You might look at Watson Ranch in Hawkins, TX, they do a lot of organic supplies. watsonranchorganic.com 
A lot of people think it is just using manure instead of conventional fertilizer, but there is way more to it.
My biggest concern is weeds!!! Every acre has millions of weed seeds just waiting to agitate us!!!!
I have a patch of coastal and native grass that I am going to try some of the Watson Ranch stuff on.


----------



## river rat (Jan 16, 2009)

Hay wilson, I'm curious why you would not charge a premium for organic alfalfa when I would assume your customer charges a premium for the organic product he would produce from your extra efforts. I'm not talking ripoff premiums but something fair would be in order I would guess. Maybe I assume too much eh?


----------



## hay wilson in TX (Jan 28, 2009)

Currently I have more regular alfalfa customers than potential organic hay customers. 
If I were able to produce organic alfalfa at little or insignificant increase in break even, why not treat all equally? Plus it might require segregating hay as organic and regular hay.

In addition I am the only locally grown alfalfa supplier for miles in any direction. If I wanted to gouge the market I could have started long ago. Grandpa said we get greedy we loose it all. 
Having only one price would be a real competitive advantage.

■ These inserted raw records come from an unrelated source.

text \<open>
  In a Lie algebra of step at most 3 the derived algebra \<open>W = [\<G>, \<G>]\<close> is abelian and
  \<open>[\<G>, W]\<close> is central. With a linear retraction \<open>P\<close> onto \<open>W\<close>, the maps
  \<open>d = id + P/3\<close> and \<open>f = (2/3)(id - P/3)\<close> satisfy \<open>d[x,y] = [dx,fy] + [fx,dy]\<close>, and \<open>f\<close> is a
  homomorphism modulo the centre. For the metric \<open>k(d\<cdot>, d\<cdot>)\<close>, ad-invariance of \<open>k\<close> turns the
  Koszul formula into \<open>\<nabla>\<^sub>x y = d\<^sup>-\<^sup>1[fx, dy]\<close>; by Jacobi the curvature is then
  \<open>d\<^sup>-\<^sup>1[[fx,fy] - f[x,y], dz] = 0\<close>. Finally \<open>\<nabla>\<^sub>u u = [u, Pu]/3\<close> is central and lies in \<open>W\<close>,
  so it is constant along the line \<open>u - t \<nabla>\<^sub>u u\<close>, which is therefore a complete geodesic.
\<close>

lemma linear_retraction_exists:
  fixes V :: "'a::real_vector set"
  assumes "subspace V"
  shows "\<exists>P. linear P \<and> range P \<subseteq> V \<and> (\<forall>v\<in>V. P v = v)"
  using linear_exists_left_inverse_on[OF linear_id assms] by auto

lemma LC_conn_eqI:
  assumes lin: "\<And>z. linear (\<lambda>w. g w z)"
    and nondeg: "\<And>w. (\<forall>z. g w z = 0) \<Longrightarrow> w = 0"
    and koszul: "\<And>z. 2 * g w z = g (br x y) z - g (br y z) x + g (br z x) y"
  shows "LC_conn br g x y = w"
  unfolding LC_conn_def
proof (rule the_equality)
  fix w'
  assume w': "\<forall>z. 2 * g w' z = g (br x y) z - g (br y z) x + g (br z x) y"
  have "g w' z = g w z" for z
    using w'[rule_format, of z] koszul[of z] by simp
  then have "g (w' - w) z = 0" for z
    by (simp add: linear_diff[OF lin])
  then show "w' = w"
    using nondeg[of "w' - w"] by simp
qed (use koszul in blast)

lemma geod_complete_left_invI:
  fixes br :: "'a::real_normed_vector \<Rightarrow> 'a \<Rightarrow> 'a"
  assumes "\<And>u t. LC_conn br g (u - t *\<^sub>R LC_conn br g u u) (u - t *\<^sub>R LC_conn br g u u)
                  = LC_conn br g u u"
  shows "geod_complete_left_inv br g"
  unfolding geod_complete_left_inv_def
proof
  fix u0
  let ?u = "\<lambda>t. u0 - t *\<^sub>R LC_conn br g u0 u0"
  have "(?u has_vector_derivative - LC_conn br g (?u t) (?u t)) (at t)" for t
    unfolding assms by (auto intro!: derivative_eq_intros)
  then show "\<exists>u. u 0 = u0 \<and> (\<forall>t. (u has_vector_derivative - LC_conn br g (u t) (u t)) (at t))"
    by (intro exI[of _ ?u]) simp
qed

lemma scaleR_collect:
  fixes v :: "'a::real_vector"
  shows "a *\<^sub>R v + b *\<^sub>R v = (a + b) *\<^sub>R v" and "v + b *\<^sub>R v = (1 + b) *\<^sub>R v"
    and "b *\<^sub>R v + v = (b + 1) *\<^sub>R v" and "v + v = 2 *\<^sub>R v"
    and "a *\<^sub>R v - b *\<^sub>R v = (a - b) *\<^sub>R v" and "v - b *\<^sub>R v = (1 - b) *\<^sub>R v"
    and "b *\<^sub>R v - v = (b - 1) *\<^sub>R v"
  by (simp_all add: algebra_simps scaleR_2)

locale lie_alg =
  fixes br :: "'a::real_vector \<Rightarrow> 'a \<Rightarrow> 'a"
  assumes lie_algebra: "lie_algebra br"
begin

Right now it appears going organic is more trouble than it is worth. That the system is full of superficial additional cost of operation that adds nothing to the quality of the product. The beauty of being organic is all in the eyes of the beholder and I am not a true believer. I am a pragmatist.

Something that has been a disappointment for me is the organic dairy goat hay buyer is just as ignorant about alfalfa as is the typical horse owner. Possibly even more ignorant.


----------